Zachary Novack, Julian McAuley, Zachary Lipton, and Saurabh Garg. Chils: Zero-shot image classification with hierarchical label sets. In International Conference on Machine Learning (ICML), 2023.

@inproceedings{novack2023chils,
    title={CHiLS: Zero-Shot Image Classification with Hierarchical Label Sets},
    author={Novack, Zachary and McAuley, Julian and Lipton, Zachary and Garg, Saurabh},
    year={2023},
    booktitle={International Conference on Machine Learning (ICML)}, 
}

There are three main steps for recreating the paper results:

  1. Setting up the environment and datasets
  2. Caching the CLIP-extracted features for each dataset and model
  3. Running zero-shot inference

Setting up the environment and datasets:

All requisite packages can be installed via the environment.yml file. For access to GPT-3 through OpenAI, you must have an account and save your access token in the environment variable OPENAI_API_KEY.

Besides ImageNet, CIFAR100 and Fashion-MNIST (which can be autoloaded through the torchvision API), each dataset can be downloaded through the standard websites for each: Office31, OfficeHome, Food-101, Fruits360, Fashion1M, LSUN-Scene, ObjectNet. Dataset Notes:

  • Both LSUN-Scene and Fashion1M must be configured into the ImageFolder format, wherein the directory has named folders for each class, each containing all the images. Due to compute constraints, for LSUN-Scene we use the validation data only and for Fashion1M we use the first two large image folders (i.e. 0 and 1).

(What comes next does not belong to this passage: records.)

(* Let $(W,S)$ be a finite Coxeter system with Poincaré polynomial $P(q)=\sum_{w\in W}q^{\ell(w)}$ and identity $e$, and for $w\in W$ let $g_w(q)=\sum_{\chi\in\operatorname{Irr}(W)}\chi(w)\,d_\chi(q)$, where $d_\chi(q)$ are the generic degrees of $W$. Then $g_e(q)=P(q)$, and $g_s(q)=(1-q)P(q)/(1+q)$ for every $s\in S$.
   Context: Let $W$ be a finite Coxeter group with set of distinguished generators $S$, length function $\ell(\cdot)$, identity $e$, and set of irreducible complex characters $\operatorname{Irr}(W)$. Let $K\subseteq\mathbb{C}$ be a splitting field for $W$, $q$ an indeterminate, and $\mathcal{H}$ the Hecke algebra of $W$ over $K(\sqrt q)$ with basis $T_w$ ($w\in W$) and relations $T_s^2=qT_e+(q-1)T_s$ for $s\in S$, and $T_xT_y=T_{xy}$ whenever $\ell(x)+\ell(y)=\ell(xy)$. $\mathcal{H}$ is split semisimple; each irreducible character $\tilde\chi$ of $\mathcal{H}$ satisfies $\tilde\chi(T_w)\in K[\sqrt q]$, and specializing $\sqrt q\mapsto 1$ in $\tilde\chi(T_w)$ gives $\chi(w)$ for a unique $\chi\in\operatorname{Irr}(W)$, giving a bijection $\chi\leftrightarrow\tilde\chi$. The generic degrees $d_\chi(q)$, $\chi\in\operatorname{Irr}(W)$, are the unique elements satisfying $\sum_{\chi\in\operatorname{Irr}(W)}\tilde\chi(T_w)d_\chi(q)=P(q)$ if $w=e$ and $=0$ if $w\neq e$. *)

theory Defs
  imports "HOL-Algebra.Multiplicative_Group" "HOL-Algebra.Generated_Groups"
          "HOL-Computational_Algebra.Fraction_Field" "HOL-Computational_Algebra.Polynomial"
          "Jordan_Normal_Form.Matrix"
begin

definition wprod :: "('a, 'b) monoid_scheme \<Rightarrow> 'a list \<Rightarrow> 'a" where
  "wprod G ws = foldr (\<lambda>s acc. s \<otimes>\<^bsub>G\<^esub> acc) ws \<one>\<^bsub>G\<^esub>"

text \<open>The congruence on words over S generated by the Coxeter relations
  (s t)^m(s,t) = 1, where m(s,t) is the order of s t in G (for s = t this is s s = 1).
  W has the Coxeter presentation iff equality in G of word products implies this congruence.\<close>
inductive cox_eq :: "('a, 'b) monoid_scheme \<Rightarrow> 'a set \<Rightarrow> 'a list \<Rightarrow> 'a list \<Rightarrow> bool"
  for G S where
  refl: "set u \<subseteq> S \<Longrightarrow> cox_eq G S u u"
| sym: "cox_eq G S u v \<Longrightarrow> cox_eq G S v u"
| trans: "cox_eq G S u v \<Longrightarrow> cox_eq G S v w \<Longrightarrow> cox_eq G S u w"
| ctxt: "cox_eq G S u v \<Longrightarrow> set x \<subseteq> S \<Longrightarrow> set y \<subseteq> S \<Longrightarrow> cox_eq G S (x @ u @ y) (x @ v @ y)"
| rel: "s \<in> S \<Longrightarrow> t \<in> S \<Longrightarrow>
        cox_eq G S (concat (replicate (group.ord G (s \<otimes>\<^bsub>G\<^esub> t)) [s, t])) []"

definition coxeter_system :: "('a, 'b) monoid_scheme \<Rightarrow> 'a set \<Rightarrow> bool" where
  "coxeter_system G S \<longleftrightarrow> group G \<and> S \<subseteq> carrier G
     \<and> (\<forall>s\<in>S. s \<noteq> \<one>\<^bsub>G\<^esub> \<and> s \<otimes>\<^bsub>G\<^esub> s = \<one>\<^bsub>G\<^esub>)
     \<and> generate G S = carrier G
     \<and> (\<forall>u v. set u \<subseteq> S \<longrightarrow> set v \<subseteq> S \<longrightarrow> wprod G u = wprod G v \<longrightarrow> cox_eq G S u v)"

Caching the CLIP-extracted features for each dataset and model:

Running run.py will use the variables specified in config.yaml and extract the features of a given dataset and CLIP model. In order to run this, the variable data_loc must be changed to the directory where your datasets are held.

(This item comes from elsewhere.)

(* Fix one of the two variants $\sharp\in\{\text{lumped},\text{exact}\}$ described in the context. Let $T>0$, and let $\vec X^h\in C^1([0,T];\underline V^h)$ with $\vec X^h(t)\in\underline V^h_{\partial_0}$, $|\vec X^h_\rho(t)|>0$ a.e., and $\vec X^h(\rho,t)\cdot\vec e_1>0$ for $\rho\in\overline I\setminus\partial_0I$, $t\in[0,T]$; assume $\vec X^h_t(t)\in\underline V^h_\partial$ for all $t\in(0,T]$. (i) If $\kappa^h(t)\in W_\sharp$ and for all $t\in(0,T]$ $$\big((\vec X^h\cdot\vec e_1)\vec X^h_t,\chi\,\vec\nu^h|\vec X^h_\rho|\big)_\sharp=\big(\vec X^h\cdot\vec e_1\,\kappa^h,\chi|\vec X^h_\rho|\big)_\sharp\ \ \forall\chi\in W_\sharp,$$ $$\big(\vec X^h\cdot\vec e_1\,\kappa^h\vec\nu^h,\vec\eta|\vec X^h_\rho|\big)_\sharp+\big(\vec\eta\cdot\vec e_1,|\vec X^h_\rho|\big)+\big((\vec X^h\cdot\vec e_1)\vec X^h_\rho,\vec\eta_\rho|\vec X^h_\rho|^{-1}\big)=-\sum_{i=1}^2\sum_{p\in\partial_iI}\widehat\varrho^{(p)}(\vec X^h(p,t)\cdot\vec e_1)\vec\eta(p)\cdot\vec e_{3-i}\ \ \forall\vec\eta\in\underline V^h_\partial,$$ then $-\frac1{2\pi}\frac{d}{dt}E(\vec X^h(t))=\big(\vec X^h\cdot\vec e_1\,|\kappa^h|^2,|\vec X^h_\rho|\big)_\sharp\ge0$. (ii) If $\vec\kappa^h(t)\in[W_\sharp]^2$ and for all $t\in(0,T]$ the same two equations hold with $\kappa^h\vec\nu^h$ replaced by $\vec\kappa^h$ in the second, and the first replaced by $\big((\vec X^h\cdot\vec e_1)\vec X^h_t,\vec\chi|\vec X^h_\rho|\big)_\sharp=\big((\vec X^h\cdot\vec e_1)\vec\kappa^h,\vec\chi|\vec X^h_\rho|\big)_\sharp$ for all $\vec\chi\in[W_\sharp]^2$, then $-\frac1{2\pi}\frac{d}{dt}E(\vec X^h(t))=\big(\vec X^h\cdot\vec e_1\,|\vec\kappa^h|^2,|\vec X^h_\rho|\big)_\sharp\ge0$.
   Context: Setup. $\vec e_1=(1,0)^T$, $\vec e_2=(0,1)^T$; "$\cdot$" is the Euclidean inner product. $I$ is either the periodic interval $\mathbb R/\mathbb Z$ (with $\partial I=\emptyset$) or $I=(0,1)$ (with $\partial I=\{0,1\}$). $\partial I=\partial_DI\cup\partial_0I\cup\partial_1I\cup\partial_2I$ is a given disjoint partition, and $\widehat\varrho^{(p)}\in\mathbb R$, $p\in\{0,1\}$, are given constants. Let $J\ge3$, $h=1/J$, $q_j=jh$ ($j=0,\dots,J$; $q_0=q_J$ identified in the periodic case). $V^h$ is the space of continuous functions on $\overline I$ (periodic if $I=\mathbb R/\mathbb Z$) that are affine on each $[q_{j-1},q_j]$; $\underline V^h=[V^h]^2$; $\underline V^h_{\partial_0}=\{\vec\eta\in\underline V^h:\vec\eta(\rho)\cdot\vec e_1=0\ \forall\rho\in\partial_0I\}$; $\underline V^h_\partial=\{\vec\eta\in\underline V^h_{\partial_0}:\vec\eta(\rho)\cdot\vec e_i=0\ \forall\rho\in\partial_iI,\ i=1,2;\ \vec\eta(\rho)=\vec0\ \forall\rho\in\partial_DI\}$; $W^h_{\partial_0}=\{\chi\in V^h:\chi(\rho)=0\ \forall\rho\in\partial_0I\}$. $(\cdot,\cdot)$ is the $L^2(I)$ inner product, and for piecewise continuous $f,g$ the mass-lumped product is $(f,g)^h=\tfrac h2\sum_{j=1}^J[(fg)(q_j^-)+(fg)(q_{j-1}^+)]$. Two variants: "lumped": $(\cdot,\cdot)_\sharp=(\cdot,\cdot)^h$, $W_\sharp=W^h_{\partial_0}$; "exact": $(\cdot,\cdot)_\sharp=(\cdot,\cdot)$, $W_\sharp=V^h$. $\vec\nu^h=-[\vec X^h_\rho]^\perp/|\vec X^h_\rho|$ with $(a,b)^\perp=(b,-a)$. The discrete energy of $\vec X\in\underline V^h$ is $E(\vec X)=2\pi(\vec X\cdot\vec e_1,|\vec X_\rho|)+2\pi\sum_{p\in\partial_1I}\widehat\varrho^{(p)}(\vec X(p)\cdot\vec e_1)(\vec X(p)\cdot\vec e_2)+\pi\sum_{p\in\partial_2I}\widehat\varrho^{(p)}(\vec X(p)\cdot\vec e_1)^2$. *)

theory Defs
  imports "HOL-Analysis.Analysis"
begin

Running zero-shot inference:

Once the features are extracted, you may run zshot.py to generate the zero-shot inference results with CHiLS. For example, to generate the results with the GPT-generated label sets (which are provided for reproducibility) on Food-101, the command would be:

python zshot.py --dataset=food-101 --model=ClipViTL14 --experiment=gpt --label-set-size=10 --data-dir=[INSERT YOUR PATH HERE]

See the src/constants.py file for valid inputs for each argument in the command.